# [THE PROBLEM]
Every line below between the line holding "by (simp add: completion.measurable_completion2" and the line holding "using T_A by (simp add: indicator_def)", inclusive, should be repeated exactly, and all other lines omitted.

# [MATERIAL TO PROCESS]
(* Let $(u_\varepsilon)$ be a family (indexed by $\varepsilon\to0$) in $L^2_\sharp[Y,H^1(\Omega)]$ such that, for some $(u_0,\mathbf{v})\in[L^2(\Omega\times Y)]^{N+1}$ (extended $Y$-periodically in $y$), $$u_\varepsilon\twoheadrightarrow u_0\text{ weakly in }L^2_\sharp[Y,L^2(\Omega)]\quad\text{and}\quad \varepsilon\nabla_x u_\varepsilon\twoheadrightarrow\mathbf{v}\text{ weakly in }L^2_\sharp[Y,L^2(\Omega)]^N.$$ Then $\mathbf{v}=\nabla_y u_0$.
   Context: Let $N\ge1$, $Y=[0,1]^N$, $\Omega\subseteq\mathbb{R}^N$ open. $L^2_\sharp[Y,L^2(\Omega)]$ is the Hilbert space of measurable functions on $\Omega\times\mathbb{R}^N$ that are $\mathbb{Z}^N$-periodic in the second variable and square integrable on $\Omega\times Y$; $L^2_\sharp[Y,H^1(\Omega)]$ is the subspace of those $u$ with distributional partial gradient $\nabla_x u\in L^2_\sharp[Y,L^2(\Omega)]^N$. For $\varepsilon>0$, $\mathcal{F}_\varepsilon(u)(x,y):=u(x,y-x/\varepsilon)$; $u_\varepsilon\twoheadrightarrow u_0$ weakly means $\mathcal{F}_\varepsilon(u_\varepsilon)\rightharpoonup u_0$ weakly in $L^2_\sharp[Y,L^2(\Omega)]$ as $\varepsilon\to0$ (componentwise for vectors). $\nabla_y u_0$ is the distributional gradient in the $y$ variable. *)

theory Defs
  imports "HOL-Analysis.Analysis"
begin

text \<open>Points of \<Omega> \<times> R^N are pairs (x,y) of the product type 'a \<times> 'a, 'a an N-dimensional
  Euclidean space.  The reference cell is Y = [0,1]^N = cbox 0 One.\<close>

definition unit_cell :: "'a::euclidean_space set" where
  "unit_cell = cbox 0 One"

definition int_lattice :: "'a::euclidean_space set" where
  "int_lattice = {k. \<forall>b\<in>Basis. k \<bullet> b \<in> \<int>}"

definition L2_per :: "'a::euclidean_space set \<Rightarrow> ('a \<times> 'a \<Rightarrow> real) set" where
  "L2_per \<Omega> = {u. u \<in> borel_measurable (lebesgue_on (\<Omega> \<times> UNIV))
      \<and> (\<forall>x\<in>\<Omega>. \<forall>y. \<forall>k\<in>int_lattice. u (x, y + k) = u (x, y))
      \<and> integrable (lebesgue_on (\<Omega> \<times> unit_cell)) (\<lambda>z. (u z)\<^sup>2)}"

definition L2_per_inner :: "'a::euclidean_space set \<Rightarrow> ('a \<times> 'a \<Rightarrow> real) \<Rightarrow> ('a \<times> 'a \<Rightarrow> real) \<Rightarrow> real" where
  "L2_per_inner \<Omega> u w = integral\<^sup>L (lebesgue_on (\<Omega> \<times> unit_cell)) (\<lambda>z. u z * w z)"

definition L2_per_weak_conv :: "'a::euclidean_space set \<Rightarrow> (nat \<Rightarrow> 'a \<times> 'a \<Rightarrow> real) \<Rightarrow> ('a \<times> 'a \<Rightarrow> real) \<Rightarrow> bool" where
  "L2_per_weak_conv \<Omega> f g \<longleftrightarrow> (\<forall>n. f n \<in> L2_per \<Omega>) \<and> g \<in> L2_per \<Omega>
     \<and> (\<forall>w\<in>L2_per \<Omega>. (\<lambda>n. L2_per_inner \<Omega> (f n) w) \<longlonglongrightarrow> L2_per_inner \<Omega> g w)"

definition F_eps :: "real \<Rightarrow> ('a::euclidean_space \<times> 'a \<Rightarrow> 'b) \<Rightarrow> 'a \<times> 'a \<Rightarrow> 'b" where
  "F_eps \<epsilon> u = (\<lambda>(x, y). u (x, y - x /\<^sub>R \<epsilon>))"

coinductive smooth_fun :: "('a::euclidean_space \<Rightarrow> real) \<Rightarrow> bool" where
  "f differentiable_on UNIV \<Longrightarrow> continuous_on UNIV f
   \<Longrightarrow> (\<forall>v. smooth_fun (\<lambda>z. frechet_derivative f (at z) v)) \<Longrightarrow> smooth_fun f"

definition tsupp :: "('a::topological_space \<Rightarrow> real) \<Rightarrow> 'a set" where
  "tsupp \<phi> = closure {z. \<phi> z \<noteq> 0}"

definition test_fun :: "'a::euclidean_space set \<Rightarrow> ('a \<times> 'a \<Rightarrow> real) set" where
  "test_fun \<Omega> = {\<phi>. smooth_fun \<phi> \<and> compact (tsupp \<phi>) \<and> tsupp \<phi> \<subseteq> \<Omega> \<times> UNIV}"

definition dx :: "'a::euclidean_space \<Rightarrow> ('a \<times> 'a \<Rightarrow> real) \<Rightarrow> 'a \<times> 'a \<Rightarrow> real" where
  "dx b \<phi> = (\<lambda>z. frechet_derivative \<phi> (at z) (b, 0))"

definition dy :: "'a::euclidean_space \<Rightarrow> ('a \<times> 'a \<Rightarrow> real) \<Rightarrow> 'a \<times> 'a \<Rightarrow> real" where
  "dy b \<phi> = (\<lambda>z. frechet_derivative \<phi> (at z) (0, b))"

definition is_grad_x :: "'a::euclidean_space set \<Rightarrow> ('a \<times> 'a \<Rightarrow> real) \<Rightarrow> ('a \<times> 'a \<Rightarrow> 'a) \<Rightarrow> bool" where
  "is_grad_x \<Omega> u g \<longleftrightarrow> (\<forall>\<phi>\<in>test_fun \<Omega>. \<forall>b\<in>Basis.
      integral\<^sup>L (lebesgue_on (\<Omega> \<times> UNIV)) (\<lambda>z. u z * dx b \<phi> z)
      = - integral\<^sup>L (lebesgue_on (\<Omega> \<times> UNIV)) (\<lambda>z. (g z \<bullet> b) * \<phi> z))"

definition is_grad_y :: "'a::euclidean_space set \<Rightarrow> ('a \<times> 'a \<Rightarrow> real) \<Rightarrow> ('a \<times> 'a \<Rightarrow> 'a) \<Rightarrow> bool" where
  "is_grad_y \<Omega> u g \<longleftrightarrow> (\<forall>\<phi>\<in>test_fun \<Omega>. \<forall>b\<in>Basis.
      integral\<^sup>L (lebesgue_on (\<Omega> \<times> UNIV)) (\<lambda>z. u z * dy b \<phi> z)
      = - integral\<^sup>L (lebesgue_on (\<Omega> \<times> UNIV)) (\<lambda>z. (g z \<bullet> b) * \<phi> z))"

definition H1_per :: "'a::euclidean_space set \<Rightarrow> ('a \<times> 'a \<Rightarrow> real) set" where
  "H1_per \<Omega> = {u. u \<in> L2_per \<Omega> \<and> (\<exists>g. (\<forall>b\<in>Basis. (\<lambda>z. g z \<bullet> b) \<in> L2_per \<Omega>) \<and> is_grad_x \<Omega> u g)}"

end

theory Submission
  imports Defs
begin

text \<open>The shear S(x,y) = (x, y + x/\<epsilon>) preserves
  Lebesgue measure and F_\<epsilon> u \<circ> S = u.  Testing the weak gradient \<nabla>_x u_\<epsilon> against \<phi> \<circ> S,
  whose x-derivative is \<partial>_x\<phi> \<circ> S + (1/\<epsilon>) \<partial>_y\<phi> \<circ> S, and changing variables back gives
  \<epsilon> \<integral> F_\<epsilon> u_\<epsilon> \<partial>_x\<phi> + \<integral> F_\<epsilon> u_\<epsilon> \<partial>_y\<phi> = - \<integral> F_\<epsilon>(\<epsilon> \<partial>_x u_\<epsilon>) \<phi>.
  Each integral over \<Omega> \<times> R^N of a Y-periodic function against a continuous compactly supported
  function is an L^2_\<sharp> inner product with the Y-periodisation of the latter, so weak convergence
  lets \<epsilon> \<rightarrow> 0 and leaves \<integral> u_0 \<partial>_y\<phi> = - \<integral> v_b \<phi>.\<close>

section \<open>Measure-preserving maps\<close>

lemma measure_preserving_lebesgue:
  fixes T :: "'a::euclidean_space \<Rightarrow> 'a"
  assumes [measurable]: "T \<in> borel \<rightarrow>\<^sub>M borel" and preserving: "distr lborel borel T = lborel"
  shows "T \<in> lebesgue \<rightarrow>\<^sub>M lebesgue" "distr lebesgue lebesgue T = lebesgue"
proof -
  have "distr lebesgue lborel T = distr lborel lborel T"
    by (rule distr_completion) simp
  also have "\<dots> = lborel"
    using preserving by (simp cong: distr_cong)
  finally have null_eq: "null_sets lborel = null_sets (distr lebesgue lborel T)"
    by simp
  show "T \<in> lebesgue \<rightarrow>\<^sub>M lebesgue"
    by (simp add: completion.measurable_completion2 null_eq measurable_completion)
  have "lebesgue = completion (distr lborel borel T)"
    using preserving by simp
  also have "\<dots> = completion (distr lebesgue lborel T)"
    by (simp add: distr_completion cong: distr_cong)
  also have "\<dots> = distr lebesgue lebesgue T"
    by (subst completion.completion_distr_eq) (auto simp: null_eq measurable_completion)
  finally show "distr lebesgue lebesgue T = lebesgue" by simp
qed

lemma integral_lebesgue_on_measure_preserving:
  fixes T :: "'a::euclidean_space \<Rightarrow> 'a" and g :: "'a \<Rightarrow> real"
  assumes "T \<in> borel \<rightarrow>\<^sub>M borel" and "distr lborel borel T = lborel"
    and A: "A \<in> sets lebesgue" and T_A: "\<And>z. T z \<in> A \<longleftrightarrow> z \<in> A"
    and g: "g \<in> borel_measurable (lebesgue_on A)"
  shows "integrable (lebesgue_on A) (\<lambda>z. g (T z)) \<longleftrightarrow> integrable (lebesgue_on A) g"
    and "integral\<^sup>L (lebesgue_on A) (\<lambda>z. g (T z)) = integral\<^sup>L (lebesgue_on A) g"
proof -
  note T = measure_preserving_lebesgue[OF assms(1,2)]
  have A': "A \<inter> space lebesgue \<in> sets lebesgue" using A by simp
  let ?g = "\<lambda>w. indicator A w *\<^sub>R g w"
  have g': "?g \<in> borel_measurable lebesgue"
    using g by (simp add: borel_measurable_restrict_space_iff[OF A'])
  have compose: "(\<lambda>z. indicator A z *\<^sub>R g (T z)) = (\<lambda>z. ?g (T z))"
    using T_A by (simp add: indicator_def)
  show "integrable (lebesgue_on A) (\<lambda>z. g (T z)) \<longleftrightarrow> integrable (lebesgue_on A) g"
    unfolding integrable_restrict_space[OF A'] compose
    using integrable_distr_eq[OF T(1) g'] T(2) by simp
  show "integral\<^sup>L (lebesgue_on A) (\<lambda>z. g (T z)) = integral\<^sup>L (lebesgue_on A) g"
    unfolding integral_restrict_space[OF A'] compose
    using integral_distr[OF T(1) g'] T(2) by simp
qed

lemma lborel_distr_translate: "distr lborel borel (\<lambda>z. z + c) = (lborel :: 'a::euclidean_space measure)"
proof -
  have "(\<lambda>z. z + c) = (+) c" by (rule ext) (simp add: add.commute)
  then show ?thesis using lborel_distr_plus[of c] by (simp only:)
qed

definition shear :: "real \<Rightarrow> 'a::euclidean_space \<times> 'a \<Rightarrow> 'a \<times> 'a" where
  "shear c z = (fst z, snd z + c *\<^sub>R fst z)"

lemma linear_shear: "linear (shear c)"
  by (rule linearI) (simp_all add: shear_def algebra_simps)

lemma shear_shear_uminus [simp]: "shear (-c) (shear c z) = z" "shear c (shear (-c) z) = z"
  by (simp_all add: shear_def)

lemma continuous_on_shear: "continuous_on UNIV (shear c)"
  unfolding shear_def by (intro continuous_intros)

lemma borel_measurable_shear: "shear c \<in> borel \<rightarrow>\<^sub>M borel"
  by (rule borel_measurable_continuous_onI[OF continuous_on_shear])

text \<open>Fubini: on each fibre {x} \<times> R^N the shear is a translation.\<close>
lemma lborel_distr_shear: "distr lborel borel (shear c) = (lborel :: ('a::euclidean_space \<times> 'a) measure)"
proof (rule measure_eqI)
  fix A :: "('a \<times> 'a) set"
  assume "A \<in> sets (distr lborel borel (shear c))"
  then have A_borel: "A \<in> sets borel" by simp
  have sets_pair: "sets (lborel \<Otimes>\<^sub>M lborel) = (sets borel :: ('a \<times> 'a) set set)"
    by (simp only: lborel_prod sets_lborel)
  have A: "A \<in> sets (lborel \<Otimes>\<^sub>M lborel)" unfolding sets_pair by (rule A_borel)
  have A_shear: "shear c -` A \<in> sets (lborel \<Otimes>\<^sub>M lborel)"
    using measurable_sets[OF borel_measurable_shear A_borel] unfolding sets_pair by simp
  have fibre: "emeasure lborel (Pair x -` (shear c -` A)) = emeasure lborel (Pair x -` A)" for x :: 'a
  proof -
    have "Pair x -` (shear c -` A) = (+) (c *\<^sub>R x) -` (Pair x -` A)"
      by (auto simp: shear_def add.commute)
    moreover have "Pair x -` A \<in> sets borel"
      using sets_Pair1[OF A] by simp
    then have "emeasure (distr lborel borel ((+) (c *\<^sub>R x))) (Pair x -` A)
        = emeasure lborel ((+) (c *\<^sub>R x) -` (Pair x -` A))"
      by (simp add: emeasure_distr)
    ultimately show ?thesis
      by (simp only: lborel_distr_plus)
  qed
  have "emeasure (distr lborel borel (shear c)) A = emeasure (lborel \<Otimes>\<^sub>M lborel) (shear c -` A)"
    using A_borel by (simp add: emeasure_distr borel_measurable_shear lborel_prod)
  also have "\<dots> = (\<integral>\<^sup>+x. emeasure lborel (Pair x -` A) \<partial>lborel)"
    unfolding lborel.emeasure_pair_measure_alt[OF A_shear] fibre ..
  also have "\<dots> = emeasure (lborel \<Otimes>\<^sub>M lborel) A"
    by (rule lborel.emeasure_pair_measure_alt[OF A, symmetric])
  also have "\<dots> = emeasure lborel A"
    by (simp only: lborel_prod)
  finally show "emeasure (distr lborel borel (shear c)) A = emeasure lborel A" .
qed simp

# [ANSWER TO THIS TASK]
    by (simp add: completion.measurable_completion2 null_eq measurable_completion)
  have "lebesgue = completion (distr lborel borel T)"
    using preserving by simp
  also have "\<dots> = completion (distr lebesgue lborel T)"
    by (simp add: distr_completion cong: distr_cong)
  also have "\<dots> = distr lebesgue lebesgue T"
    by (subst completion.completion_distr_eq) (auto simp: null_eq measurable_completion)
  finally show "distr lebesgue lebesgue T = lebesgue" by simp
qed

lemma integral_lebesgue_on_measure_preserving:
  fixes T :: "'a::euclidean_space \<Rightarrow> 'a" and g :: "'a \<Rightarrow> real"
  assumes "T \<in> borel \<rightarrow>\<^sub>M borel" and "distr lborel borel T = lborel"
    and A: "A \<in> sets lebesgue" and T_A: "\<And>z. T z \<in> A \<longleftrightarrow> z \<in> A"
    and g: "g \<in> borel_measurable (lebesgue_on A)"
  shows "integrable (lebesgue_on A) (\<lambda>z. g (T z)) \<longleftrightarrow> integrable (lebesgue_on A) g"
    and "integral\<^sup>L (lebesgue_on A) (\<lambda>z. g (T z)) = integral\<^sup>L (lebesgue_on A) g"
proof -
  note T = measure_preserving_lebesgue[OF assms(1,2)]
  have A': "A \<inter> space lebesgue \<in> sets lebesgue" using A by simp
  let ?g = "\<lambda>w. indicator A w *\<^sub>R g w"
  have g': "?g \<in> borel_measurable lebesgue"
    using g by (simp add: borel_measurable_restrict_space_iff[OF A'])
  have compose: "(\<lambda>z. indicator A z *\<^sub>R g (T z)) = (\<lambda>z. ?g (T z))"
    using T_A by (simp add: indicator_def)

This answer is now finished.